The Georgia prosecutor investigating attempts by former President Trump and his allies to challenge President Biden’s victory in the state in 2020 said she expects prison sentences for those convicted of crimes related to the investigation. 

Fulton County District Attorney Fani Willis (D) told The Washington Post this week that her team has heard credible allegations that serious crimes were committed and that some people might serve time in prison. 

At least 17 people have been notified that they are the targets of a criminal investigation, and Willis said additional targets will soon be added, the Post reported. 

“The allegations are very serious. If indicted and convicted, people are facing prison sentences,” she said. 

Willis did not name the targets and has not said if she is willing to charge Trump for his efforts to overturn the results. But she said Trump could be called as a witness before the special grand jury that convened this spring. 

She said she imagines a decision will be made on whether to seek testimony from Trump in late fall. 

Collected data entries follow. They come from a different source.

lemma above_line_if_slower_below_line:
  fixes z z' :: "real \<Rightarrow> real"
  assumes x0: "x0 < 1" and cz: "continuous_on {x0..1} z" and z1: "z 1 = 0"
    and dz: "\<And>x. x0 < x \<Longrightarrow> x < 1 \<Longrightarrow> (z has_real_derivative z' x) (at x)"
    and slower: "\<And>x. x0 < x \<Longrightarrow> x < 1 \<Longrightarrow> z x < lam * (x - 1) \<Longrightarrow> z' x < lam"
  shows "lam * (x0 - 1) \<le> z x0"
proof (rule ccontr)
  assume crossed: "\<not> ?thesis"
  define g where "g x = z x - lam * (x - 1)" for x
  have g_x0: "g x0 < 0" using crossed by (simp add: g_def)
  have cg: "continuous_on {x0..1} g" unfolding g_def by (intro continuous_intros cz)
  define S where "S = {x0..1} \<inter> g -` {0..}"
  have "closed S" unfolding S_def by (rule continuous_closed_preimage[OF cg]) auto
  moreover have "1 \<in> S" using x0 z1 by (auto simp: S_def g_def)
  moreover have bdd: "bdd_below S" unfolding S_def by (rule bdd_belowI[of _ x0]) auto
  ultimately have "Inf S \<in> S" using closed_contains_Inf by blast
  define x1 where "x1 = Inf S"
  have g_x1: "g x1 \<ge> 0" and x01: "x0 < x1" "x1 \<le> 1"
    using \<open>Inf S \<in> S\<close> g_x0 by (auto simp: S_def x1_def le_less)
  have below: "g x < 0" if "x0 \<le> x" "x < x1" for x
    using cInf_lower[OF _ bdd, of x] that x01 by (force simp: S_def x1_def)
  have dg: "(g has_real_derivative z' x - lam) (at x)" if "x0 < x" "x < 1" for x
    unfolding g_def using dz[OF that] by (auto intro!: derivative_eq_intros)
  obtain l w where w: "x0 < w" "w < x1" "(g has_real_derivative l) (at w)"
      and mvt: "g x1 - g x0 = (x1 - x0) * l"
    using MVT[OF x01(1), of g] continuous_on_subset[OF cg] dg x01
    by (fastforce simp: real_differentiable_def)
  have "l = z' w - lam" using DERIV_unique[OF w(3) dg] w x01 by simp
  moreover have "z' w < lam" using below[of w] slower[of w] w x01 by (simp add: g_def)
  ultimately have "(x1 - x0) * l < 0" using x01 by (simp add: mult_pos_neg)
  with mvt g_x0 g_x1 show False by simp
qed

lemma below_line_if_faster_above_line:
  fixes z z' :: "real \<Rightarrow> real"
  assumes "x0 < 1" and "continuous_on {x0..1} z" and "z 1 = 0"
    and "\<And>x. x0 < x \<Longrightarrow> x < 1 \<Longrightarrow> (z has_real_derivative z' x) (at x)"
    and "\<And>x. x0 < x \<Longrightarrow> x < 1 \<Longrightarrow> lam * (x - 1) < z x \<Longrightarrow> lam < z' x"
  shows "z x0 \<le> lam * (x0 - 1)"
  using above_line_if_slower_below_line[of x0 "\<lambda>x. - z x" "\<lambda>x. - z' x" "- lam"] assms
  by (auto intro!: continuous_intros derivative_eq_intros)

lemma abs_le_sqrt_sq_add_nonneg:
  fixes a p :: real
  assumes "p \<ge> 0"
  shows "\<bar>a\<bar> \<le> sqrt (a\<^sup>2 + p)"
  using real_sqrt_le_mono[of "a\<^sup>2" "a\<^sup>2 + p"] assms by simp
theorem mainTheorem11:
  fixes V :: "'a set" and E :: "'a set set" and A :: "('a \<times> 'a) set"
  assumes "mixed_graph V E A" and "no_directed_cycle A" and "V \<noteq> {}"
  shows "maxrank V A + 1 \<le> nd_m V (tc_edges E A) (tc_arcs A)
    \<and> maxrank V A \<le> treewidth V (uedges (tc_edges E A) (tc_arcs A))
    \<and> int (maxrank V A) \<le> 2 ^ treedepth V (uedges E A) - 2
    \<and> maxrank V A \<le> 2 * vertex_cover_number V (uedges E A)"
proof -
  have fin: "finite V" using assms(1) by (simp add: mixed_graph_def)
  have "acyclic A" using assms(2) by (simp add: no_directed_cycle_def)
  obtain xs where xs: "dpath V A xs" and rank: "maxrank V A = length xs - 1"
    using maxrank_attained[OF fin assms(3)] .
  have "1 \<le> length xs" using xs by (simp add: dpath_def Suc_leI)
  moreover have "int (length xs + 1) \<le> 2 ^ treedepth V (uedges E A)"
    using dpath_length_le_treedepth[OF assms(1) xs] by (metis of_nat_le_iff of_nat_numeral of_nat_power)
  ultimately show ?thesis
    using dpath_length_le_nd_m[OF fin \<open>acyclic A\<close> xs, of "tc_edges E A"]
      dpath_length_le_treewidth[OF assms(1) xs]
      dpath_length_le_vertex_cover_number[OF assms(1) xs]
    unfolding rank tc_arcs_def by linarith
qed

end
definition N_relations_2 :: "(int \<times> lm) list" where
  "N_relations_2 = [
    (-4, lm_malcev lm_var (lm_basis 1) (lm_basis 3) (lm_basis 2)),
    (6, lm_mul (lm_malcev lm_var (lm_basis 2) (lm_basis 1) (lm_basis 3)) (lm_basis 2)),
    (6, lm_mul (lm_malcev lm_var (lm_basis 1) (lm_basis 3) (lm_basis 2)) (lm_basis 2)),
    (-6, lm_mul (lm_malcev lm_var (lm_basis 1) (lm_basis 2) (lm_basis 3)) (lm_basis 2)),
    (1, lm_h lm_var (lm_basis 1) (lm_basis 1) (lm_basis 3) (lm_basis 3)),
    (-2, lm_mul (lm_malcev lm_var (lm_basis 1) (lm_basis 3) (lm_basis 1)) (lm_basis 3)),
    (4, lm_malcev lm_var (lm_basis 1) (lm_basis 2) (lm_basis 3)),
    (-2, lm_malcev (lm_mul lm_var (lm_basis 3)) (lm_basis 1) (lm_basis 2) (lm_basis 2)),
    (2, lm_malcev (lm_mul lm_var (lm_basis 3)) (lm_basis 1) (lm_basis 3) (lm_basis 1)),
    (2, lm_malcev (lm_mul lm_var (lm_basis 3)) (lm_basis 1) (lm_basis 1) (lm_basis 3)),
    (-2, lm_malcev lm_var (lm_basis 2) (lm_basis 1) (lm_basis 3)),
    (-2, lm_mul (lm_malcev lm_var (lm_basis 2) (lm_basis 1) (lm_basis 2)) (lm_basis 3)),
    (2, lm_malcev (lm_mul lm_var (lm_basis 2)) (lm_basis 1) (lm_basis 2) (lm_basis 3)),
    (2, lm_malcev lm_var (lm_basis 2) (lm_basis 3) (lm_basis 1)),
    (2, lm_malcev (lm_mul lm_var (lm_basis 2)) (lm_basis 1) (lm_basis 3) (lm_basis 2)),
    (-2, lm_jac lm_var (lm_basis 1) (lm_basis 3)),
    (-1, lm_h lm_var (lm_basis 1) (lm_basis 2) (lm_basis 2) (lm_basis 3))]"

definition N_relations_3 :: "(int \<times> lm) list" where
  "N_relations_3 = [
    (4, lm_malcev lm_var (lm_basis 1) (lm_basis 3) (lm_basis 3)),
    (-6, lm_malcev lm_var (lm_basis 2) (lm_basis 2) (lm_basis 3)),
    (-2, lm_malcev lm_var (lm_basis 3) (lm_basis 1) (lm_basis 3)),
    (1, lm_h lm_var (lm_basis 1) (lm_basis 2) (lm_basis 3) (lm_basis 3)),
    (2, lm_malcev (lm_mul lm_var (lm_basis 3)) (lm_basis 1) (lm_basis 3) (lm_basis 2)),
    (2, lm_malcev (lm_mul lm_var (lm_basis 3)) (lm_basis 1) (lm_basis 2) (lm_basis 3)),
    (-3, lm_h lm_var (lm_basis 1) (lm_basis 3) (lm_basis 2) (lm_basis 3)),
    (2, lm_mul (lm_jac lm_var (lm_basis 1) (lm_basis 3)) (lm_basis 3))]"

lemma N_certificate_1:
  "lm_normalize (lm_add (N_target 1) (lm_smult (-1) (lm_lincomb N_relations_1))) = lm_zero"
  by code_simp

lemma N_certificate_2:
  "lm_normalize (lm_add (N_target 2) (lm_smult (-1) (lm_lincomb N_relations_2))) = lm_zero"
  by code_simp

lemma N_certificate_3:
  "lm_normalize (lm_add (N_target 3) (lm_smult (-1) (lm_lincomb N_relations_3))) = lm_zero"
  by code_simp

text \<open>\<open>\<rho> 0\<close> is the element of \<open>M\<close> under study and \<open>\<rho> 1, \<rho> 2, \<rho> 3\<close> are \<open>e, h, f\<close>.\<close>

locale sl2_valuation = malcev_H sc mu for sc :: "'f::field \<Rightarrow> 'm::ab_group_add \<Rightarrow> 'm" and mu +
  fixes \<rho> :: "nat \<Rightarrow> 'm"
  assumes e_h: "mu (\<rho> 1) (\<rho> 2) = \<rho> 1"
    and f_h: "mu (\<rho> 3) (\<rho> 2) = - \<rho> 3"
    and e_f: "mu (\<rho> 1) (\<rho> 3) = \<rho> 2"
begin

lemma sl2_table:
  "mu (\<rho> (Suc 0)) (\<rho> 2) = \<rho> (Suc 0)" "mu (\<rho> 2) (\<rho> (Suc 0)) = - \<rho> (Suc 0)"
  "mu (\<rho> (Suc 0)) (\<rho> 3) = \<rho> 2" "mu (\<rho> 3) (\<rho> (Suc 0)) = - \<rho> 2"
  "mu (\<rho> 2) (\<rho> 3) = \<rho> 3" "mu (\<rho> 3) (\<rho> 2) = - \<rho> 3"
proof -
  have "mu (\<rho> 2) (\<rho> 1) = - \<rho> 1" "mu (\<rho> 3) (\<rho> 1) = - \<rho> 2" "mu (\<rho> 2) (\<rho> 3) = \<rho> 3"
    using mu_anticomm e_h e_f f_h by (metis, metis, metis minus_minus)
  then show "mu (\<rho> (Suc 0)) (\<rho> 2) = \<rho> (Suc 0)" "mu (\<rho> 2) (\<rho> (Suc 0)) = - \<rho> (Suc 0)"
    "mu (\<rho> (Suc 0)) (\<rho> 3) = \<rho> 2" "mu (\<rho> 3) (\<rho> (Suc 0)) = - \<rho> 2"
    "mu (\<rho> 2) (\<rho> 3) = \<rho> 3" "mu (\<rho> 3) (\<rho> 2) = - \<rho> 3"
    using e_h e_f f_h by simp_all
qed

Rudy Giuliani’s lawyer confirmed last month that he is a target of the investigation and testified before the grand jury days later. The 16 fake Georgia electors who created documents that declared Trump the winner of the state are the others reportedly under investigation.

The electors allegedly signed a certificate that declared themselves the state’s electors even though a slate of Democratic electors was certified following Biden’s win. 

Trump said in an interview with conservative radio host Hugh Hewitt on Thursday that he was not involved in the plan to overturn Georgia’s election results but said the idea was “very common.” 

Willis is also looking into calls that Trump and his allies made to state officials, statements that were made to lawmakers, the alleged harassment of election officials and the alleged tampering of election systems in a county in Georgia, the Post reported. 

Willis told the Post that she expects the fact-finding investigation to conclude by the end of the year. She said it will stop public activities like calling witnesses during the month leading up to the November midterm elections. 

She said the grand jury has interviewed about 65 percent of the dozens of witnesses that prosecutors want to testify. 

Willis began her investigation shortly after a call between Trump and Georgia Secretary of State Brad Raffensperger (R) became public, revealing that Trump asked Raffensperger to “find” the votes necessary for him to win the state.